● **REQUIRED WORK**
Return each line, exactly as given, from the one containing "D \<Longrightarrow> S" through the end of the entries below, and skip the rest.

** RECORDS SUPPLIED follows **

(* The ring $D$ of entire functions (holomorphic functions $\mathbb C\to\mathbb C$) is completely integrally closed (so every nonzero ideal of $D$ is $v$-basic), but not every nonzero ideal of $D$ is $t$-basic.
   Context: For a domain $D$ with quotient field $K$ and nonzero fractional ideal $I$: $I^{-1}=(D:I)=\{x\in K:xI\subseteq D\}$, $I_v=(I^{-1})^{-1}$, $I_t=\bigcup J_v$ over finitely generated subideals $J\subseteq I$. For $\star\in\{v,t\}$ and a nonzero ideal $I$, an ideal $J\subseteq I$ is a $\star$-reduction of $I$ if $(JI^n)^\star=(I^{n+1})^\star$ for some integer $n\ge0$; $I$ is $\star$-basic if every $\star$-reduction $J$ of $I$ satisfies $J^\star=I^\star$. A domain is completely integrally closed iff every nonzero ideal $I$ satisfies $(II^{-1})_v=D$. *)

theory Defs
  imports "HOL-Analysis.Analysis" "HOL-Library.Function_Algebras"
begin

text \<open>
  Elements of the quotient field K of D are
  written as fractions a/b with a, b in D and b nonzero; all conditions below are the
  literal meaning of the paper's definitions after clearing denominators
  (x = a/b lies in D iff b divides a in D).
\<close>

definition rdvd :: "'a::comm_ring_1 set \<Rightarrow> 'a \<Rightarrow> 'a \<Rightarrow> bool" where
  "rdvd D b a \<longleftrightarrow> (\<exists>c\<in>D. a = b * c)"

definition is_ideal :: "'a::comm_ring_1 set \<Rightarrow> 'a set \<Rightarrow> bool" where
  "is_ideal D I \<longleftrightarrow> I \<subseteq> D \<and> 0 \<in> I \<and> (\<forall>x\<in>I. \<forall>y\<in>I. x + y \<in> I)
      \<and> (\<forall>r\<in>D. \<forall>x\<in>I. r * x \<in> I)"

definition ideal_gen :: "'a::comm_ring_1 set \<Rightarrow> 'a set \<Rightarrow> 'a set" where
  "ideal_gen D S = {x. \<exists>F c. finite F \<and> F \<subseteq> S \<and> (\<forall>f\<in>F. c f \<in> D) \<and> x = (\<Sum>f\<in>F. c f * f)}"

definition fin_gen_ideal :: "'a::comm_ring_1 set \<Rightarrow> 'a set \<Rightarrow> bool" where
  "fin_gen_ideal D J \<longleftrightarrow> (\<exists>F. finite F \<and> F \<subseteq> D \<and> J = ideal_gen D F)"

definition ideal_prod :: "'a::comm_ring_1 set \<Rightarrow> 'a set \<Rightarrow> 'a set \<Rightarrow> 'a set" where
  "ideal_prod D I J = ideal_gen D {i * j | i j. i \<in> I \<and> j \<in> J}"

fun ideal_pow :: "'a::comm_ring_1 set \<Rightarrow> 'a set \<Rightarrow> nat \<Rightarrow> 'a set" where
  "ideal_pow D I 0 = D"
| "ideal_pow D I (Suc n) = ideal_prod D I (ideal_pow D I n)"

text \<open>Pairs (a,b) representing the elements a/b of the quotient field lying in
  I^{-1} = (D:I), i.e. with (a/b) I contained in D.\<close>
definition frac_inv :: "'a::comm_ring_1 set \<Rightarrow> 'a set \<Rightarrow> ('a \<times> 'a) set" where
  "frac_inv D I = {(a, b). a \<in> D \<and> b \<in> D \<and> b \<noteq> 0 \<and> (\<forall>i\<in>I. rdvd D b (a * i))}"

text \<open>v-closure of an integral ideal I: I_v = (I^{-1})^{-1}, which is contained in D
  (since 1 lies in I^{-1}); d lies in I_v iff d x lies in D for every x in I^{-1}.\<close>
definition v_closure :: "'a::comm_ring_1 set \<Rightarrow> 'a set \<Rightarrow> 'a set" where
  "v_closure D I = {d \<in> D. \<forall>(a, b)\<in>frac_inv D I. rdvd D b (a * d)}"

definition t_closure :: "'a::comm_ring_1 set \<Rightarrow> 'a set \<Rightarrow> 'a set" where
  "t_closure D I = \<Union>{v_closure D J | J. fin_gen_ideal D J \<and> J \<subseteq> I}"

definition star_reduction ::
  "('a::comm_ring_1 set \<Rightarrow> 'a set \<Rightarrow> 'a set) \<Rightarrow> 'a set \<Rightarrow> 'a set \<Rightarrow> 'a set \<Rightarrow> bool" where
  "star_reduction st D J I \<longleftrightarrow> is_ideal D J \<and> J \<subseteq> I \<and>
     (\<exists>n. st D (ideal_prod D J (ideal_pow D I n)) = st D (ideal_pow D I (Suc n)))"

definition star_basic ::
  "('a::comm_ring_1 set \<Rightarrow> 'a set \<Rightarrow> 'a set) \<Rightarrow> 'a set \<Rightarrow> 'a set \<Rightarrow> bool" where
  "star_basic st D I \<longleftrightarrow> (\<forall>J. star_reduction st D J I \<longrightarrow> st D J = st D I)"

text \<open>D is completely integrally closed: every almost integral element x = a/b of the
  quotient field (some nonzero d in D with d x^n in D for all n) lies in D.\<close>
definition completely_integrally_closed :: "'a::comm_ring_1 set \<Rightarrow> bool" where
  "completely_integrally_closed D \<longleftrightarrow>
     (\<forall>a\<in>D. \<forall>b\<in>D. b \<noteq> 0 \<longrightarrow>
        (\<exists>d\<in>D. d \<noteq> 0 \<and> (\<forall>n. rdvd D (b ^ n) (d * a ^ n))) \<longrightarrow> rdvd D b a)"

definition entire_functions :: "(complex \<Rightarrow> complex) set" where
  "entire_functions = {f. f holomorphic_on UNIV}"

end

theory Submission
  imports Defs "HOL-Complex_Analysis.Complex_Analysis"
begin

text \<open>
  In the ring of entire functions divisibility is governed by orders of zeros: b divides a
  iff \<open>ord_z b \<le> ord_z a\<close> at every point z. Every fraction of the quotient field that
  multiplies an ideal I into D can be tested point by point against the powers
  \<open>(w - z)^k\<close>, so the v-closure of I is determined by the function
  \<open>z \<mapsto> min {ord_z a | a \<in> I, a \<noteq> 0}\<close>, which is additive under ideal products. Hence
  v-reductions can be cancelled and every nonzero ideal is v-basic; complete integral closure
  follows from the same order calculus (n ord b \<le> ord d + n ord a for all n forces
  ord b \<le> ord a).

  For the t-operation take the ideal I of entire functions whose order at every positive integer
  m is at least m - C for some constant C, and its subideal J of functions whose order at m is
  eventually at least m. Given f, g in I, an entire function p (Weierstrass) with zeros of order
  exactly m - C at the integers lies in I and divides f g with quotient in J, so JI = I^2.
  But the t-closure of J only contains functions of order eventually at least m, as a finitely
  generated subideal of J has a uniform such bound, whereas p with C = 1 lies in I.
\<close>

locale comm_subring =
  fixes D :: "'a::comm_ring_1 set"
  assumes zero_mem [intro]: "0 \<in> D"
    and one_mem [intro]: "1 \<in> D"
    and add_mem [intro]: "x \<in> D \<Longrightarrow> y \<in> D \<Longrightarrow> x + y \<in> D"
    and mult_mem [intro]: "x \<in> D \<Longrightarrow> y \<in> D \<Longrightarrow> x * y \<in> D"
begin

lemma power_mem [intro]: "x \<in> D \<Longrightarrow> x ^ n \<in> D"
  by (induction n) auto

lemma sum_mem: "finite F \<Longrightarrow> (\<And>f. f \<in> F \<Longrightarrow> g f \<in> D) \<Longrightarrow> (\<Sum>f\<in>F. g f) \<in> D"
  by (induction F rule: finite_induct) auto

lemma rdvd_zero [intro]: "rdvd D a 0"
  unfolding rdvd_def by (rule bexI[of _ 0]) auto

lemma one_rdvd: "a \<in> D \<Longrightarrow> rdvd D 1 a"
  unfolding rdvd_def by auto

lemma rdvd_mult_self: "r \<in> D \<Longrightarrow> rdvd D a (a * r)"
  unfolding rdvd_def by blast

lemma rdvd_trans: "rdvd D a b \<Longrightarrow> rdvd D b c \<Longrightarrow> rdvd D a c"
  unfolding rdvd_def by (metis mult_mem mult.assoc)

lemma rdvd_mult_left: "rdvd D a b \<Longrightarrow> r \<in> D \<Longrightarrow> rdvd D a (r * b)"
  unfolding rdvd_def by (metis mult_mem mult.left_commute)

lemma rdvd_add: "rdvd D a b \<Longrightarrow> rdvd D a c \<Longrightarrow> rdvd D a (b + c)"
  unfolding rdvd_def by (metis add_mem distrib_left)

lemma rdvd_mult_mult: "rdvd D a b \<Longrightarrow> rdvd D c d \<Longrightarrow> rdvd D (a * c) (b * d)"
  unfolding rdvd_def by (metis mult_mem mult.assoc mult.left_commute)

lemma is_ideal_multiples: "is_ideal D {x \<in> D. rdvd D b x}"
  unfolding is_ideal_def by (auto intro: rdvd_add rdvd_mult_left)

lemma sum_mem_ideal:
  assumes "is_ideal D A" "finite F" "F \<subseteq> A" "\<forall>f\<in>F. c f \<in> D"
  shows "(\<Sum>f\<in>F. c f * f) \<in> A"
  using assms(2-) by (induction F rule: finite_induct) (use assms(1) in \<open>auto simp: is_ideal_def\<close>)

lemma ideal_gen_least: "is_ideal D A \<Longrightarrow> S \<subseteq> A \<Longrightarrow> ideal_gen D S \<subseteq> A"
  unfolding ideal_gen_def using sum_mem_ideal by blast

lemma ideal_gen_superset: "S \<subseteq> D \<Longrightarrow> S \<subseteq> ideal_gen D S"
proof
  fix s assume "S \<subseteq> D" "s \<in> S"
  then show "s \<in> ideal_gen D S" unfolding ideal_gen_def
    by (intro CollectI exI[of _ "{s}"] exI[of _ "\<lambda>_. 1"]) auto
qed

lemma ideal_gen_subset: "S \<subseteq> D \<Longrightarrow> ideal_gen D S \<subseteq> D"
  unfolding ideal_gen_def by (auto intro!: sum_mem)

lemma ideal_gen_mono: "S \<subseteq> S' \<Longrightarrow> ideal_gen D S \<subseteq> ideal_gen D S'"
  unfolding ideal_gen_def by blast

lemma add_mem_ideal_gen:
  assumes "x \<in> ideal_gen D S" "y \<in> ideal_gen D S"
  shows "x + y \<in> ideal_gen D S"
proof -
  obtain F1 c1 F2 c2 where
    1: "finite F1" "F1 \<subseteq> S" "\<forall>f\<in>F1. c1 f \<in> D" "x = (\<Sum>f\<in>F1. c1 f * f)" and
    2: "finite F2" "F2 \<subseteq> S" "\<forall>f\<in>F2. c2 f \<in> D" "y = (\<Sum>f\<in>F2. c2 f * f)"
    using assms unfolding ideal_gen_def by blast
  define c where "c f = (if f \<in> F1 then c1 f else 0) + (if f \<in> F2 then c2 f else 0)" for f
  have "(\<Sum>f\<in>F1 \<union> F2. c f * f) = (\<Sum>f\<in>F1 \<union> F2. if f \<in> F1 then c1 f * f else 0)
      + (\<Sum>f\<in>F1 \<union> F2. if f \<in> F2 then c2 f * f else 0)"
    unfolding sum.distrib[symmetric] by (intro sum.cong refl) (simp add: c_def distrib_right)
  also have "\<dots> = x + y"
    using 1 2 by (simp add: sum.If_cases Int_absorb1)
  finally have "x + y = (\<Sum>f\<in>F1 \<union> F2. c f * f)" ..
  moreover have "\<forall>f\<in>F1 \<union> F2. c f \<in> D" using 1 2 by (auto simp: c_def)
  ultimately show ?thesis unfolding ideal_gen_def
    using 1 2 by (intro CollectI exI[of _ "F1 \<union> F2"] exI[of _ c]) auto
qed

** End of RECORDS SUPPLIED **

● **EXERCISE RESPONSE**
lemma ideal_gen_superset: "S \<subseteq> D \<Longrightarrow> S \<subseteq> ideal_gen D S"
proof
  fix s assume "S \<subseteq> D" "s \<in> S"
  then show "s \<in> ideal_gen D S" unfolding ideal_gen_def
    by (intro CollectI exI[of _ "{s}"] exI[of _ "\<lambda>_. 1"]) auto
qed

lemma ideal_gen_subset: "S \<subseteq> D \<Longrightarrow> ideal_gen D S \<subseteq> D"
  unfolding ideal_gen_def by (auto intro!: sum_mem)

lemma ideal_gen_mono: "S \<subseteq> S' \<Longrightarrow> ideal_gen D S \<subseteq> ideal_gen D S'"
  unfolding ideal_gen_def by blast

lemma add_mem_ideal_gen:
  assumes "x \<in> ideal_gen D S" "y \<in> ideal_gen D S"
  shows "x + y \<in> ideal_gen D S"
proof -
  obtain F1 c1 F2 c2 where
    1: "finite F1" "F1 \<subseteq> S" "\<forall>f\<in>F1. c1 f \<in> D" "x = (\<Sum>f\<in>F1. c1 f * f)" and
    2: "finite F2" "F2 \<subseteq> S" "\<forall>f\<in>F2. c2 f \<in> D" "y = (\<Sum>f\<in>F2. c2 f * f)"
    using assms unfolding ideal_gen_def by blast
  define c where "c f = (if f \<in> F1 then c1 f else 0) + (if f \<in> F2 then c2 f else 0)" for f
  have "(\<Sum>f\<in>F1 \<union> F2. c f * f) = (\<Sum>f\<in>F1 \<union> F2. if f \<in> F1 then c1 f * f else 0)
      + (\<Sum>f\<in>F1 \<union> F2. if f \<in> F2 then c2 f * f else 0)"
    unfolding sum.distrib[symmetric] by (intro sum.cong refl) (simp add: c_def distrib_right)
  also have "\<dots> = x + y"
    using 1 2 by (simp add: sum.If_cases Int_absorb1)
  finally have "x + y = (\<Sum>f\<in>F1 \<union> F2. c f * f)" ..
  moreover have "\<forall>f\<in>F1 \<union> F2. c f \<in> D" using 1 2 by (auto simp: c_def)
  ultimately show ?thesis unfolding ideal_gen_def
    using 1 2 by (intro CollectI exI[of _ "F1 \<union> F2"] exI[of _ c]) auto
qed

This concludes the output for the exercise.